The primary objective will describe the demographics, clinical characteristics and medical history of patients presenting with a first ischaemic stroke with AF who have not received anticoagulation (for any reason) in the 12 months prior to stroke, by type of anticoagulant treatment subsequently prescribed for secondary prophylaxis of stroke.

Secondary objectives of the study will describe management pathways of patients initiated on DOACs (apixaban, edoxaban or rivaroxaban) for secondary prophylaxis of stroke, including timing and reasons for any dose changes or treatment switches to alternative anticoagulants; describe hospital resource use and clinical assessments associated with DOAC treatment for secondary prophylaxis of stroke; describe real world patient-reported adherence to DOACs for secondary prophylaxis of stroke; and describe patient experience and treatment satisfaction for patients receiving DOAC therapy for secondary prophylaxis of stroke.

Study Design

Study Type:
Observational
Actual Enrollment :
234 participants
Observational Model:
Cohort
Time Perspective:
Retrospective
Official Title:
A Descriptive Non-interventional Study to Evaluate the Use of Direct Oral Anticoagulants in UK Clinical Practice for Patients With a First Stroke Attributable to Nonvalvular Atrial Fibrillation
Actual Study Start Date :
Feb 15, 2019
Actual Primary Completion Date :
Jul 9, 2021
Actual Study Completion Date :
Jul 9, 2021

Arms and Interventions

Arm Intervention/Treatment
All Participants (Group 1; Retrospective)

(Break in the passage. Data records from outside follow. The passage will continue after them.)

lemma chart_pos: "chart x R \<phi> \<Longrightarrow> R > 0"
  unfolding chart_def by blast

lemma chart_center: "chart x R \<phi> \<Longrightarrow> x \<in> ball x R"
  unfolding chart_def by auto

lemma chart_surj: "chart x R \<phi> \<Longrightarrow> q \<in> H3 \<Longrightarrow> hdist (\<phi> x) q < R \<Longrightarrow> \<exists>a\<in>ball x R. \<phi> a = q"
  unfolding chart_def by (metis (mono_tags, lifting) imageE mem_Collect_eq)

lemma chart_inj: "chart x R \<phi> \<Longrightarrow> inj_on \<phi> (ball x R)"
  unfolding inj_on_def using chart_iso by (metis dist_eq_0_iff hdist_self)

text \<open>The triangle inequality for \<open>hdist\<close> is inherited from the manifold, by moving the
  points into the range of a chart with \<open>hmove\<close>.\<close>
lemma hdist_triangle_chart:
  assumes ch: "chart x R \<phi>" and p: "p \<in> H3" and a: "a \<in> H3" and b: "b \<in> H3"
    and pa: "hdist p a < R" and pb: "hdist p b < R"
  shows "hdist a b \<le> hdist a p + hdist p b"
proof -
  have x3: "\<phi> x \<in> H3" using chart_H3[OF ch chart_center[OF ch]] .
  let ?T = "hmove p (\<phi> x)"
  have Tp: "?T p = \<phi> x" using hmove_center[OF p] .
  have "hdist (\<phi> x) (?T a) < R" using pa hdist_hmove[OF p x3, of p a] Tp by simp
  then obtain a' where a': "a' \<in> ball x R" "\<phi> a' = ?T a"
    using chart_surj[OF ch hmove_H3[OF p x3 a]] by blast
  have "hdist (\<phi> x) (?T b) < R" using pb hdist_hmove[OF p x3, of p b] Tp by simp
  then obtain b' where b': "b' \<in> ball x R" "\<phi> b' = ?T b"
    using chart_surj[OF ch hmove_H3[OF p x3 b]] by blast
  have xx: "x \<in> ball x R" using chart_center[OF ch] .
  have "hdist a b = dist a' b'"
    using chart_iso[OF ch a'(1) b'(1)] a' b' hdist_hmove[OF p x3] by simp
  also have "\<dots> \<le> dist a' x + dist x b'" by (rule dist_triangle)
  also have "dist a' x = hdist a p"
    using chart_iso[OF ch a'(1) xx] a'(2) Tp hdist_hmove[OF p x3, of a p] by simp
  also have "dist x b' = hdist p b"
    using chart_iso[OF ch xx b'(1)] b'(2) Tp hdist_hmove[OF p x3, of p b] by simp
  finally show ?thesis .
qed

lemma chart_subball:
  assumes ch: "chart x R \<phi>" and r: "0 < r" and y: "dist x y + r \<le> R"
  shows "chart y r \<phi>"
proof -
  have yb: "y \<in> ball x R" using y r by simp
  have sub: "ball y r \<subseteq> ball x R"
  proof
    fix a assume "a \<in> ball y r"
    then show "a \<in> ball x R" using y dist_triangle[of x a y] by simp
  qed
  have y3: "\<phi> y \<in> H3" using chart_H3[OF ch yb] .
  have x3: "\<phi> x \<in> H3" using chart_H3[OF ch chart_center[OF ch]] .
  have yx: "hdist (\<phi> y) (\<phi> x) = dist x y"
    using chart_iso[OF ch yb chart_center[OF ch]] by (simp add: dist_commute)
  have "\<phi> ` ball y r = {q \<in> H3. hdist (\<phi> y) q < r}"
  proof
    show "\<phi> ` ball y r \<subseteq> {q \<in> H3. hdist (\<phi> y) q < r}"
      using sub chart_H3[OF ch] chart_iso[OF ch yb] by auto
    show "{q \<in> H3. hdist (\<phi> y) q < r} \<subseteq> \<phi> ` ball y r"
    proof
      fix q assume q: "q \<in> {q \<in> H3. hdist (\<phi> y) q < r}"
      have "r \<le> R" using y zero_le_dist[of x y] by linarith
      then have "hdist (\<phi> y) q < R" using q by auto
      then have "hdist (\<phi> x) q \<le> hdist (\<phi> x) (\<phi> y) + hdist (\<phi> y) q"
        using hdist_triangle_chart[OF ch y3 x3, of q] q yx y r by simp
      also have "\<dots> < R" using q yx y hdist_commute[of "\<phi> x" "\<phi> y"] by simp
      finally obtain a where a: "a \<in> ball x R" "\<phi> a = q" using chart_surj[OF ch] q by blast
      have "dist y a < r" using chart_iso[OF ch yb a(1)] a q by simp
      then show "q \<in> \<phi> ` ball y r" using a by auto
    qed
  qed
  then show ?thesis unfolding chart_def using r y3 chart_iso[OF ch] sub by (auto simp: subset_iff)
qed

lemma chart_image_cball:
  assumes ch: "chart x R \<phi>" and r: "r < R"
  shows "\<phi> ` cball x r = {q \<in> H3. hdist (\<phi> x) q \<le> r}"
proof
  have cb: "cball x r \<subseteq> ball x R" using r by auto
  show "\<phi> ` cball x r \<subseteq> {q \<in> H3. hdist (\<phi> x) q \<le> r}"
    using cb chart_H3[OF ch] chart_iso[OF ch chart_center[OF ch]] by (auto simp: subset_iff)
  show "{q \<in> H3. hdist (\<phi> x) q \<le> r} \<subseteq> \<phi> ` cball x r"
  proof
    fix q assume q: "q \<in> {q \<in> H3. hdist (\<phi> x) q \<le> r}"
    then obtain a where a: "a \<in> ball x R" "\<phi> a = q" using chart_surj[OF ch] r by force
    have "dist x a \<le> r" using chart_iso[OF ch chart_center[OF ch] a(1)] a q by simp
    then show "q \<in> \<phi> ` cball x r" using a by auto
  qed
qed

All participants' data will be collected retrospectively from medical records 12 months prior to the date of diagnosis of a first ischaemic stroke attributable to nonvalvular AF

Subset of All Participants (Group 2; Prospective)

A subset of participants from Group 1 who were initiated on apixaban, edoxaban or rivaroxaban for secondary prophylaxis of stroke will take part in this prospective component of the study, whereby data on their management pathway (treatments and follow-up appointments) and patient-reported outcomes will be collected for 6 months from the date of first dose of DOAC treatment.

Drug: Edoxaban
This was a non-interventional, observational study. No drug was administered in this study.

Drug: Apixaban
This was a non-interventional, observational study. No drug was administered in this study.

Drug: Rivaroxaban
This was a non-interventional, observational study. No drug was administered in this study.

Outcome Measures

Primary Outcome Measures

  1. Mean CHA2DS2-VASc Risk Scores In Participants Presenting With A First Stroke with Atrial Fibrillation (AF) Who Have Not Received Anticoagulation Within 12 Months Prior to Stroke [12 month period prior to the date of diagnosis of a first ischaemic stroke attributable to nonvalvular AF]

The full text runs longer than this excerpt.